* ACTIVITY *
Check every line below for the word "inside" and copy the ones that have it.

Saved entries

(* Let $Y\colon\mathbb V^N\times\mathbb G^N\to\mathbb R^N$ be a component balanced allocation rule on the class of network games. Then its standard extension $\Psi^Y$ is component balanced, i.e., for every $(v,\rho)\in\mathbb V^N\times\mathbb P^N$ with $v$ component additive and every component $h\in C(g(\rho))$, $\sum_{i\in N(h)}\Psi^Y_i(v,\rho)=\sum_{g\in\mathbb G(\rho)}\rho(g)\cdot v(g\cap h)$.
   Context: $N=\{1,\dots,n\}$ is a finite player set. A link is an unordered pair $ij$ of distinct players; $g_N$ is the set of all links; a network is any $g\subseteq g_N$; $\mathbb G^N$ is the set of all networks. For a network $g$, $N(g)$ is the set of players with at least one link in $g$ and $N_0(g)=N\setminus N(g)$. A component of $g$ is a nonempty subnetwork $h\subseteq g$ that is connected (any two players of $N(h)$ are joined by a path in $h$) and maximal (if $i\in N(h)$ and $ij\in g$ then $ij\in h$); $C(g)$ is the set of components of $g$. A network game is $v\colon\mathbb G^N\to\mathbb R$ with $v(\varnothing)=0$; $\mathbb V^N$ is the set of these; $v$ is component additive if $v(g)=\sum_{h\in C(g)}v(h)$ for all $g$. A network formation probability distribution is $\rho\colon\mathbb G^N\to[0,1]$ with $\sum_g\rho(g)=1$; $\mathbb P^N$ is the set of these; $\mathbb G(\rho)=\{g:\rho(g)>0\}$ and the extent is $g(\rho)=\bigcup_{g\in\mathbb G(\rho)}g$. An allocation rule on network games is a map $Y\colon\mathbb V^N\times\mathbb G^N\to\mathbb R^N$ with $Y_i(v,g)=0$ for every $i\in N_0(g)$; it is component balanced if for every component additive $v$, every network $g$ and every $h\in C(g)$, $\sum_{i\in N(h)}Y_i(v,g)=v(h)$. Its standard extension is $\Psi^Y(v,\rho)=\sum_{g\in\mathbb G^N}\rho(g)\,Y(v,g)$. *)

theory Defs
  imports Complex_Main
begin

text \<open>Players are the elements of a finite type 'n (so N = UNIV).
  A link is an unordered pair of distinct players, i.e. a 2-element set.\<close>

type_synonym 'n network = "'n set set"
type_synonym 'n game = "'n network \<Rightarrow> real"
type_synonym 'n alloc_rule = "'n game \<Rightarrow> 'n network \<Rightarrow> 'n \<Rightarrow> real"

definition links :: "'n set set" where
  "links = {l. \<exists>i j. i \<noteq> j \<and> l = {i, j}}"

definition networks :: "'n network set" where
  "networks = Pow links"

definition net_players :: "'n network \<Rightarrow> 'n set" where
  "net_players g = \<Union> g"

definition isolated :: "'n network \<Rightarrow> 'n set" where
  "isolated g = UNIV - net_players g"

definition adj :: "'n network \<Rightarrow> ('n \<times> 'n) set" where
  "adj h = {(i, j). {i, j} \<in> h}"

definition connected_net :: "'n network \<Rightarrow> bool" where
  "connected_net h \<longleftrightarrow> (\<forall>i\<in>net_players h. \<forall>j\<in>net_players h. (i, j) \<in> (adj h)\<^sup>*)"

definition is_component :: "'n network \<Rightarrow> 'n network \<Rightarrow> bool" where
  "is_component h g \<longleftrightarrow> h \<noteq> {} \<and> h \<subseteq> g \<and> connected_net h \<and>
     (\<forall>i j. i \<in> net_players h \<longrightarrow> {i, j} \<in> g \<longrightarrow> {i, j} \<in> h)"

definition components :: "'n network \<Rightarrow> 'n network set" where
  "components g = {h. is_component h g}"

definition network_game :: "'n game \<Rightarrow> bool" where
  "network_game v \<longleftrightarrow> v {} = 0"

definition component_additive :: "'n game \<Rightarrow> bool" where
  "component_additive v \<longleftrightarrow>
     (\<forall>g\<in>networks. v g = (\<Sum>h\<in>components g. v h))"

definition nfpd :: "('n network \<Rightarrow> real) \<Rightarrow> bool" where
  "nfpd \<rho> \<longleftrightarrow> (\<forall>g. 0 \<le> \<rho> g \<and> \<rho> g \<le> 1) \<and> (\<forall>g. g \<notin> networks \<longrightarrow> \<rho> g = 0)
      \<and> (\<Sum>g\<in>networks. \<rho> g) = 1"

definition support :: "('n network \<Rightarrow> real) \<Rightarrow> 'n network set" where
  "support \<rho> = {g \<in> networks. \<rho> g > 0}"

definition extent :: "('n network \<Rightarrow> real) \<Rightarrow> 'n network" where
  "extent \<rho> = \<Union> (support \<rho>)"

definition allocation_rule :: "('n::finite) alloc_rule \<Rightarrow> bool" where
  "allocation_rule Y \<longleftrightarrow>
     (\<forall>v g i. network_game v \<longrightarrow> g \<in> networks \<longrightarrow> i \<in> isolated g \<longrightarrow> Y v g i = 0)"

definition component_balanced :: "('n::finite) alloc_rule \<Rightarrow> bool" where
  "component_balanced Y \<longleftrightarrow>
     (\<forall>v g h. network_game v \<longrightarrow> component_additive v \<longrightarrow> g \<in> networks \<longrightarrow>
        h \<in> components g \<longrightarrow> (\<Sum>i\<in>net_players h. Y v g i) = v h)"

definition standard_extension ::
  "('n::finite) alloc_rule \<Rightarrow> 'n game \<Rightarrow> ('n network \<Rightarrow> real) \<Rightarrow> 'n \<Rightarrow> real" where
  "standard_extension Y v \<rho> i = (\<Sum>g\<in>networks. \<rho> g * Y v g i)"

end

theory Submission
  imports Defs
begin

text \<open>The standard extension is an average of Y v g over the networks g of the support, and each
  such g lies inside the extent. Since a component h of the extent is closed under the links of the
  extent, the components of g \<inter> h are exactly the components of g lying inside h, and every
  player of h that is active in g belongs to one of them. Players of h isolated in g receive
  nothing, so component balance of Y on these components and component additivity of v give
  \<open>\<Sum>i\<in>N(h). Y\<^sub>i(v, g) = v(g \<inter> h)\<close>; averaging over \<rho> finishes the proof.\<close>

lemma link_is_pair: "l \<in> links \<Longrightarrow> \<exists>a b. l = {a, b}"
  unfolding links_def by auto

lemma sym_adj: "sym (adj g)"
  unfolding adj_def sym_def by (auto simp: insert_commute)

lemma component_subset_component:
  assumes g: "g \<subseteq> links" "g \<subseteq> E" and h: "is_component h E" and c: "is_component c g"
    and i: "i \<in> net_players c" "i \<in> net_players h"
  shows "c \<subseteq> h"
proof
  have reach: "x \<in> net_players h" if "(i, x) \<in> (adj c)\<^sup>*" for x
    using that
  proof (induction rule: rtrancl_induct)
    case base
    show ?case using i(2) .
  next
    case (step y z)
    then have "{y, z} \<in> E" using c g unfolding is_component_def adj_def by auto
    with step.IH have "{y, z} \<in> h" using h unfolding is_component_def by blast
    then show ?case unfolding net_players_def by auto
  qed
  fix l assume l: "l \<in> c"
  then obtain a b where lab: "l = {a, b}" using c g link_is_pair unfolding is_component_def by blast
  have "(i, a) \<in> (adj c)\<^sup>*"
    using c i(1) l lab unfolding is_component_def connected_net_def net_players_def by blast
  then have "a \<in> net_players h" by (rule reach)
  moreover have "{a, b} \<in> E" using l lab c g unfolding is_component_def by auto
  ultimately show "l \<in> h" using h lab unfolding is_component_def by blast
qed

lemma components_net_players_disjoint:
  assumes "g \<subseteq> links" "c\<^sub>1 \<in> components g" "c\<^sub>2 \<in> components g" "c\<^sub>1 \<noteq> c\<^sub>2"
  shows "net_players c\<^sub>1 \<inter> net_players c\<^sub>2 = {}"
proof -
  have "c\<^sub>1 \<subseteq> c\<^sub>2 \<and> c\<^sub>2 \<subseteq> c\<^sub>1"
    if "i \<in> net_players c\<^sub>1" "i \<in> net_players c\<^sub>2" for i
    using assms(1-3) that component_subset_component[of g g]
    unfolding components_def by blast
  with assms(4) show ?thesis by blast
qed

definition component_of :: "'n network \<Rightarrow> 'n \<Rightarrow> 'n network" where
  "component_of g i = {l \<in> g. \<exists>x\<in>l. (i, x) \<in> (adj g)\<^sup>*}"

lemma rtrancl_adj_of_net_players_component_of:
  assumes "g \<subseteq> links" and x: "x \<in> net_players (component_of g i)"
  shows "(i, x) \<in> (adj g)\<^sup>*"
proof -
  obtain l y where l: "l \<in> g" "x \<in> l" "y \<in> l" and y: "(i, y) \<in> (adj g)\<^sup>*"
    using x unfolding net_players_def component_of_def by auto
  obtain a b where "l = {a, b}" using l(1) assms(1) link_is_pair by blast
  with l have "x = y \<or> (y, x) \<in> adj g" unfolding adj_def by (auto simp: insert_commute)
  with y show ?thesis by (meson rtrancl_into_rtrancl)
qed

lemma rtrancl_adj_component_of:
  "(i, x) \<in> (adj g)\<^sup>* \<Longrightarrow> (i, x) \<in> (adj (component_of g i))\<^sup>*"
proof (induction rule: rtrancl_induct)
  case (step y z)
  then have "(y, z) \<in> adj (component_of g i)" unfolding adj_def component_of_def by auto
  with step.IH show ?case by (meson rtrancl_into_rtrancl)
qed simp

lemma is_component_component_of:
  assumes g: "g \<subseteq> links" and i: "i \<in> net_players g"
  shows "is_component (component_of g i) g" and "i \<in> net_players (component_of g i)"
proof -
  let ?c = "component_of g i"
  obtain l where l: "l \<in> g" "i \<in> l" using i unfolding net_players_def by auto
  then show i_in: "i \<in> net_players ?c"
    unfolding net_players_def component_of_def by auto
  have from_i: "(i, x) \<in> (adj ?c)\<^sup>*" if "x \<in> net_players ?c" for x
    by (rule rtrancl_adj_component_of[OF rtrancl_adj_of_net_players_component_of[OF g that]])
  have sym_c: "sym ((adj ?c)\<^sup>*)" by (rule sym_rtrancl[OF sym_adj])
  have "connected_net ?c"
    unfolding connected_net_def
  proof (intro ballI)
    fix j k assume "j \<in> net_players ?c" "k \<in> net_players ?c"
    then have "(j, i) \<in> (adj ?c)\<^sup>*" "(i, k) \<in> (adj ?c)\<^sup>*"
      by (auto intro: symD[OF sym_c] from_i)
    then show "(j, k) \<in> (adj ?c)\<^sup>*" by (rule rtrancl_trans)
  qed
  moreover have "?c \<noteq> {}" using i_in unfolding net_players_def by auto
  moreover have "?c \<subseteq> g" unfolding component_of_def by blast
  moreover have "{j, k} \<in> ?c" if "j \<in> net_players ?c" "{j, k} \<in> g" for j k
  proof -
    have "(i, j) \<in> (adj g)\<^sup>*" using rtrancl_adj_of_net_players_component_of[OF g that(1)] .
    with that(2) show ?thesis unfolding component_of_def by simp
  qed
  ultimately show "is_component ?c g" unfolding is_component_def by blast
qed

lemma net_players_eq_Union_components:
  assumes "g \<subseteq> links"
  shows "net_players g = (\<Union>c\<in>components g. net_players c)"
proof
  show "net_players g \<subseteq> (\<Union>c\<in>components g. net_players c)"
  proof
    fix i assume "i \<in> net_players g"
    with is_component_component_of[OF assms] show "i \<in> (\<Union>c\<in>components g. net_players c)"
      unfolding components_def by blast
  qed
qed (auto simp: components_def is_component_def net_players_def)

lemma sum_net_players_components:
  fixes f :: "'n::finite \<Rightarrow> real"
  assumes "g \<subseteq> links"
  shows "(\<Sum>i\<in>net_players g. f i) = (\<Sum>c\<in>components g. \<Sum>i\<in>net_players c. f i)"
  unfolding net_players_eq_Union_components[OF assms]
  by (rule sum.UNION_disjoint) (auto dest: components_net_players_disjoint[OF assms])

lemma is_component_inter_component:
  assumes "g \<subseteq> E" "is_component h E" "is_component c (g \<inter> h)"
  shows "is_component c g"
  using assms unfolding is_component_def net_players_def by blast

lemma net_players_inter_component:
  assumes "g \<subseteq> links" "g \<subseteq> E" "is_component h E"
  shows "net_players (g \<inter> h) = net_players g \<inter> net_players h"
proof
  show "net_players g \<inter> net_players h \<subseteq> net_players (g \<inter> h)"
  proof
    fix i assume i: "i \<in> net_players g \<inter> net_players h"
    then obtain l where l: "l \<in> g" "i \<in> l" unfolding net_players_def by auto
    moreover obtain a b where "l = {a, b}" using l(1) assms(1) link_is_pair by blast
    ultimately obtain j where "l = {i, j}" by auto
    with l i have "l \<in> h" using assms(2,3) unfolding is_component_def by blast
    with l show "i \<in> net_players (g \<inter> h)" unfolding net_players_def by blast
  qed
qed (auto simp: net_players_def)

lemma component_balanced_sum_inter_component:
  fixes Y :: "('n::finite) alloc_rule"
  assumes Y: "allocation_rule Y" "component_balanced Y"
    and v: "network_game v" "component_additive v"
    and g: "g \<in> networks" "g \<subseteq> E" and h: "h \<in> components E"
  shows "(\<Sum>i\<in>net_players h. Y v g i) = v (g \<inter> h)"
proof -
  have links: "g \<subseteq> links" "g \<inter> h \<subseteq> links" using g(1) unfolding networks_def by auto
  have h_comp: "is_component h E" using h unfolding components_def by simp
  have "(\<Sum>i\<in>net_players h. Y v g i) = (\<Sum>i\<in>net_players g \<inter> net_players h. Y v g i)"
    by (rule sum.mono_neutral_right)
      (use Y(1) v(1) g(1) in \<open>auto simp: allocation_rule_def isolated_def\<close>)
  also have "\<dots> = (\<Sum>i\<in>net_players (g \<inter> h). Y v g i)"
    using net_players_inter_component[OF links(1) g(2) h_comp] by simp
  also have "\<dots> = (\<Sum>c\<in>components (g \<inter> h). \<Sum>i\<in>net_players c. Y v g i)"
    by (rule sum_net_players_components[OF links(2)])
  also have "\<dots> = (\<Sum>c\<in>components (g \<inter> h). v c)"
  proof (rule sum.cong)
    fix c assume "c \<in> components (g \<inter> h)"
    then have "c \<in> components g"
      using is_component_inter_component[OF g(2) h_comp] unfolding components_def by blast
    then show "(\<Sum>i\<in>net_players c. Y v g i) = v c"
      using Y(2) v g(1) unfolding component_balanced_def by blast
  qed simp
  also have "\<dots> = v (g \<inter> h)"
    using v(2) links(2) unfolding component_additive_def networks_def by simp
  finally show ?thesis .
qed

lemma support_subset_networks: "support \<rho> \<subseteq> networks"
  unfolding support_def by blast

lemma standard_extension_eq_sum_support:
  assumes "nfpd \<rho>"
  shows "standard_extension Y v \<rho> i = (\<Sum>g\<in>support \<rho>. \<rho> g * Y v g i)"
proof -
  have zero: "\<rho> g = 0" if "g \<in> networks - support \<rho>" for g
  proof -
    have "0 \<le> \<rho> g" using assms unfolding nfpd_def by blast
    with that show ?thesis unfolding support_def by auto
  qed
  show ?thesis
    unfolding standard_extension_def
    by (rule sum.mono_neutral_right) (use zero support_subset_networks in auto)
qed

theorem proposition5:
  fixes Y :: "('n::finite) alloc_rule" and v :: "'n game" and \<rho> :: "'n network \<Rightarrow> real"
    and h :: "'n network"
  assumes "allocation_rule Y"
    and "component_balanced Y"
    and "network_game v"
    and "component_additive v"
    and "nfpd \<rho>"
    and "h \<in> components (extent \<rho>)"
  shows "(\<Sum>i\<in>net_players h. standard_extension Y v \<rho> i)
           = (\<Sum>g\<in>support \<rho>. \<rho> g * v (g \<inter> h))"
proof -
  have "(\<Sum>i\<in>net_players h. standard_extension Y v \<rho> i)
      = (\<Sum>g\<in>support \<rho>. \<rho> g * (\<Sum>i\<in>net_players h. Y v g i))"
    unfolding standard_extension_eq_sum_support[OF assms(5)] sum_distrib_left
    by (rule sum.swap)
  also have "\<dots> = (\<Sum>g\<in>support \<rho>. \<rho> g * v (g \<inter> h))"
  proof (rule sum.cong)
    fix g assume "g \<in> support \<rho>"
    then have "g \<in> networks" "g \<subseteq> extent \<rho>"
      using support_subset_networks unfolding extent_def by auto
    then show "\<rho> g * (\<Sum>i\<in>net_players h. Y v g i) = \<rho> g * v (g \<inter> h)"
      using component_balanced_sum_inter_component[OF assms(1-4) _ _ assms(6)] by simp
  qed simp
  finally show ?thesis .
qed

end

* THE COMPLETED TASK *
  such g lies inside the extent. Since a component h of the extent is closed under the links of the
  extent, the components of g \<inter> h are exactly the components of g lying inside h, and every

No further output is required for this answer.